Restate word for word each line of the data, starting at the one containing "length_factor_rm_prefix[OF assms] ." and running through the last.

Segment Open

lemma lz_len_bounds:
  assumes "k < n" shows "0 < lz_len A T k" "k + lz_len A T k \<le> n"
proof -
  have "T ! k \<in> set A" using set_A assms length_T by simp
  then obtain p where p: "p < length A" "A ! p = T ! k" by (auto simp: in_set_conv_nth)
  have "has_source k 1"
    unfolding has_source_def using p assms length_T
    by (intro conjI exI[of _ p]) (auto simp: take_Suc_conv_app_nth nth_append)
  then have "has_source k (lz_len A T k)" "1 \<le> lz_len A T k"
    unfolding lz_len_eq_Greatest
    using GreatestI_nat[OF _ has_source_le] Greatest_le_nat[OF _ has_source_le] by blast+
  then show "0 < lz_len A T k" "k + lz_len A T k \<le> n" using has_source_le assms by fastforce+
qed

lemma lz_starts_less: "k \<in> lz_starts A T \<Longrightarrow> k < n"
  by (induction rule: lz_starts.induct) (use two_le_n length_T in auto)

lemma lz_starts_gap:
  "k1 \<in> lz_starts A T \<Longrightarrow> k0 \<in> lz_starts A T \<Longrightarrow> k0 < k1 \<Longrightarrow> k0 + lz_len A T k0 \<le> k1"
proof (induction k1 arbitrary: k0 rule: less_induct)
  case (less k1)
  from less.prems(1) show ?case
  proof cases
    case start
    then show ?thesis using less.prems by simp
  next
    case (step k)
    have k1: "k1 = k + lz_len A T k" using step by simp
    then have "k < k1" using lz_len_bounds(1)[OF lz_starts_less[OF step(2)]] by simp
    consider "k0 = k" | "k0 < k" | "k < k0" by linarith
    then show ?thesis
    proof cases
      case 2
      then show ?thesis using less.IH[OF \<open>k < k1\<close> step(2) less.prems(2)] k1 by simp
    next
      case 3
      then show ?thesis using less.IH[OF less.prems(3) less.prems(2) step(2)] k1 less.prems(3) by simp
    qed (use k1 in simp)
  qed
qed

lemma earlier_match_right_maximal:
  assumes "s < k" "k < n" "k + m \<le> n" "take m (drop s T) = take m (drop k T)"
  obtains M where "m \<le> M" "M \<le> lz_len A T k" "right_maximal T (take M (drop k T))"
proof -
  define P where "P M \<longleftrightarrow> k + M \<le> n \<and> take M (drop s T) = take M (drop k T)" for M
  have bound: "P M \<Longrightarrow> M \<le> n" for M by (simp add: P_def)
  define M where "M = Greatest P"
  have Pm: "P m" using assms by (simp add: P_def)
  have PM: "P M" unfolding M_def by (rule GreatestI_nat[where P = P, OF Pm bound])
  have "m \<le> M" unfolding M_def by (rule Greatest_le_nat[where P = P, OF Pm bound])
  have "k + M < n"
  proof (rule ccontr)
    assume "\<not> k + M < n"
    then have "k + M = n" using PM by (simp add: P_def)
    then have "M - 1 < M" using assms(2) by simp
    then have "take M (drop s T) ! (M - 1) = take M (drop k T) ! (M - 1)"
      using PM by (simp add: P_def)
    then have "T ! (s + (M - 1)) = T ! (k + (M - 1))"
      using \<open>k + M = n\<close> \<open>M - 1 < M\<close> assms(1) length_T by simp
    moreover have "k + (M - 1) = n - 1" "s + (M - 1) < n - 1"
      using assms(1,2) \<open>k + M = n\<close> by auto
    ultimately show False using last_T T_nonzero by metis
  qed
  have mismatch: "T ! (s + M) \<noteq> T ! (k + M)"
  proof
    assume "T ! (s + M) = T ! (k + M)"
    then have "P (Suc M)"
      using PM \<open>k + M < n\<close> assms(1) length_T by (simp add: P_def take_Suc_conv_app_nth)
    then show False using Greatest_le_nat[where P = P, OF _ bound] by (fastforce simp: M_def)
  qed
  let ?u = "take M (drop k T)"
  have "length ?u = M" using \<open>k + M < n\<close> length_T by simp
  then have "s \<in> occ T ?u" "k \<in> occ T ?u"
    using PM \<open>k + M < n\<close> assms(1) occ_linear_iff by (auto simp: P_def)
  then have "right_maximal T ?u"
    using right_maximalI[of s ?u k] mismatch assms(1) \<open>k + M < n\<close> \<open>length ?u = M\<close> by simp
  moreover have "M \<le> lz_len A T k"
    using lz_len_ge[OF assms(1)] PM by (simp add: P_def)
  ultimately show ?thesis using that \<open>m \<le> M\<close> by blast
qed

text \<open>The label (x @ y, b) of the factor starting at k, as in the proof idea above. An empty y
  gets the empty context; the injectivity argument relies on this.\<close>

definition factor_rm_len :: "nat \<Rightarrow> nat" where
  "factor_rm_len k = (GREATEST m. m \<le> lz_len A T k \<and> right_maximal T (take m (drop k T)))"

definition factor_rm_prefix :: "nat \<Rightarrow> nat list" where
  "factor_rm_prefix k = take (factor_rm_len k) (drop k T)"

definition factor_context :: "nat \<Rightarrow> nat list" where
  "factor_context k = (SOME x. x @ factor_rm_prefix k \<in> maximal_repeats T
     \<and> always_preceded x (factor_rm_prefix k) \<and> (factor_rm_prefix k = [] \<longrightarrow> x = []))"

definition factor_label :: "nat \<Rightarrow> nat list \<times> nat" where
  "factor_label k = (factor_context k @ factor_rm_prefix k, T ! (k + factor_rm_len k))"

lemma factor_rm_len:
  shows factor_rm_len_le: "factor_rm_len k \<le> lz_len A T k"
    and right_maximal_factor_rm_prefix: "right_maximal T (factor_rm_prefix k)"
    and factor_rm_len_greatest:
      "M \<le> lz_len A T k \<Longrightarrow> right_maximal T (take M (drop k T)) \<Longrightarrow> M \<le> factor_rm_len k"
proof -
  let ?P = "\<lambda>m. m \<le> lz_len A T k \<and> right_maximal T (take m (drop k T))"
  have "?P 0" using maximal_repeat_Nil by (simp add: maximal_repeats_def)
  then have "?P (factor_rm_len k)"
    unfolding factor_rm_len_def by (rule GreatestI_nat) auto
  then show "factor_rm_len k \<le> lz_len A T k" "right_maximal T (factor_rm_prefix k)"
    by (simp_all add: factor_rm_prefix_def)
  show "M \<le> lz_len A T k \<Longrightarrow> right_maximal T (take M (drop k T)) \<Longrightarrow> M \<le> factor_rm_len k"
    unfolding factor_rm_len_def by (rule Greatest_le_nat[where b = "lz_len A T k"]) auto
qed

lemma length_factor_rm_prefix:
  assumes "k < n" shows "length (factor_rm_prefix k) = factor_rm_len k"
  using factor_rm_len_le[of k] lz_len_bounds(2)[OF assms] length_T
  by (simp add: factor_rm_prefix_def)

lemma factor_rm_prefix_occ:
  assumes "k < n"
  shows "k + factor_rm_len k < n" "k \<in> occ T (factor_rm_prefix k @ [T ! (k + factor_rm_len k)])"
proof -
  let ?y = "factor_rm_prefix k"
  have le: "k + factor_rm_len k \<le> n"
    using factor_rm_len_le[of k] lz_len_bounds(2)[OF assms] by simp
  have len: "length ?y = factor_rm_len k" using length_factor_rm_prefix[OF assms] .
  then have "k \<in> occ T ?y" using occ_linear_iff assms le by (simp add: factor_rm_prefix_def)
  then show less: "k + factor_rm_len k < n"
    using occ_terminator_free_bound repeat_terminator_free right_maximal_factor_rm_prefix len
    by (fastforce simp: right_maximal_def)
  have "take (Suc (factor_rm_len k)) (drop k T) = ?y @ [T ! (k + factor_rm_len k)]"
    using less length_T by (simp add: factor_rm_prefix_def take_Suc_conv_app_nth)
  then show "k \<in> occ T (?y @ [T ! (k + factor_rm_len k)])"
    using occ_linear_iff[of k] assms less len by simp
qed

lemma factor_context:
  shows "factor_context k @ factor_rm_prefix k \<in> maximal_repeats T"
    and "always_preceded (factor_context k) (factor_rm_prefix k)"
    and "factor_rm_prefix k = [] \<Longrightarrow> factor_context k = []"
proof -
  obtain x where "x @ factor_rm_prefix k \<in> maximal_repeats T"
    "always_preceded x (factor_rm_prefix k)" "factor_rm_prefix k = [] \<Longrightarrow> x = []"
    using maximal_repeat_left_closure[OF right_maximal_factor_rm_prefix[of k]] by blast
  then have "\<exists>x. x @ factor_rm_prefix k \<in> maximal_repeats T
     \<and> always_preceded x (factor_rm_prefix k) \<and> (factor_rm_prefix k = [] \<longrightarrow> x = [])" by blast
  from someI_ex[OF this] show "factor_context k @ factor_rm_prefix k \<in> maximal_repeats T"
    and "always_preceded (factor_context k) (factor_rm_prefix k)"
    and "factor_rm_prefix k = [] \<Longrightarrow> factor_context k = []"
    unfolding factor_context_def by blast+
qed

Segment Closed

◆ **Expected answer**
  have len: "length ?y = factor_rm_len k" using length_factor_rm_prefix[OF assms] .
  then have "k \<in> occ T ?y" using occ_linear_iff assms le by (simp add: factor_rm_prefix_def)
  then show less: "k + factor_rm_len k < n"
    using occ_terminator_free_bound repeat_terminator_free right_maximal_factor_rm_prefix len
    by (fastforce simp: right_maximal_def)
  have "take (Suc (factor_rm_len k)) (drop k T) = ?y @ [T ! (k + factor_rm_len k)]"
    using less length_T by (simp add: factor_rm_prefix_def take_Suc_conv_app_nth)
  then show "k \<in> occ T (?y @ [T ! (k + factor_rm_len k)])"
    using occ_linear_iff[of k] assms less len by simp
qed

lemma factor_context:
  shows "factor_context k @ factor_rm_prefix k \<in> maximal_repeats T"
    and "always_preceded (factor_context k) (factor_rm_prefix k)"
    and "factor_rm_prefix k = [] \<Longrightarrow> factor_context k = []"
proof -
  obtain x where "x @ factor_rm_prefix k \<in> maximal_repeats T"
    "always_preceded x (factor_rm_prefix k)" "factor_rm_prefix k = [] \<Longrightarrow> x = []"
    using maximal_repeat_left_closure[OF right_maximal_factor_rm_prefix[of k]] by blast
  then have "\<exists>x. x @ factor_rm_prefix k \<in> maximal_repeats T
     \<and> always_preceded x (factor_rm_prefix k) \<and> (factor_rm_prefix k = [] \<longrightarrow> x = [])" by blast
  from someI_ex[OF this] show "factor_context k @ factor_rm_prefix k \<in> maximal_repeats T"
    and "always_preceded (factor_context k) (factor_rm_prefix k)"
    and "factor_rm_prefix k = [] \<Longrightarrow> factor_context k = []"
    unfolding factor_context_def by blast+
qed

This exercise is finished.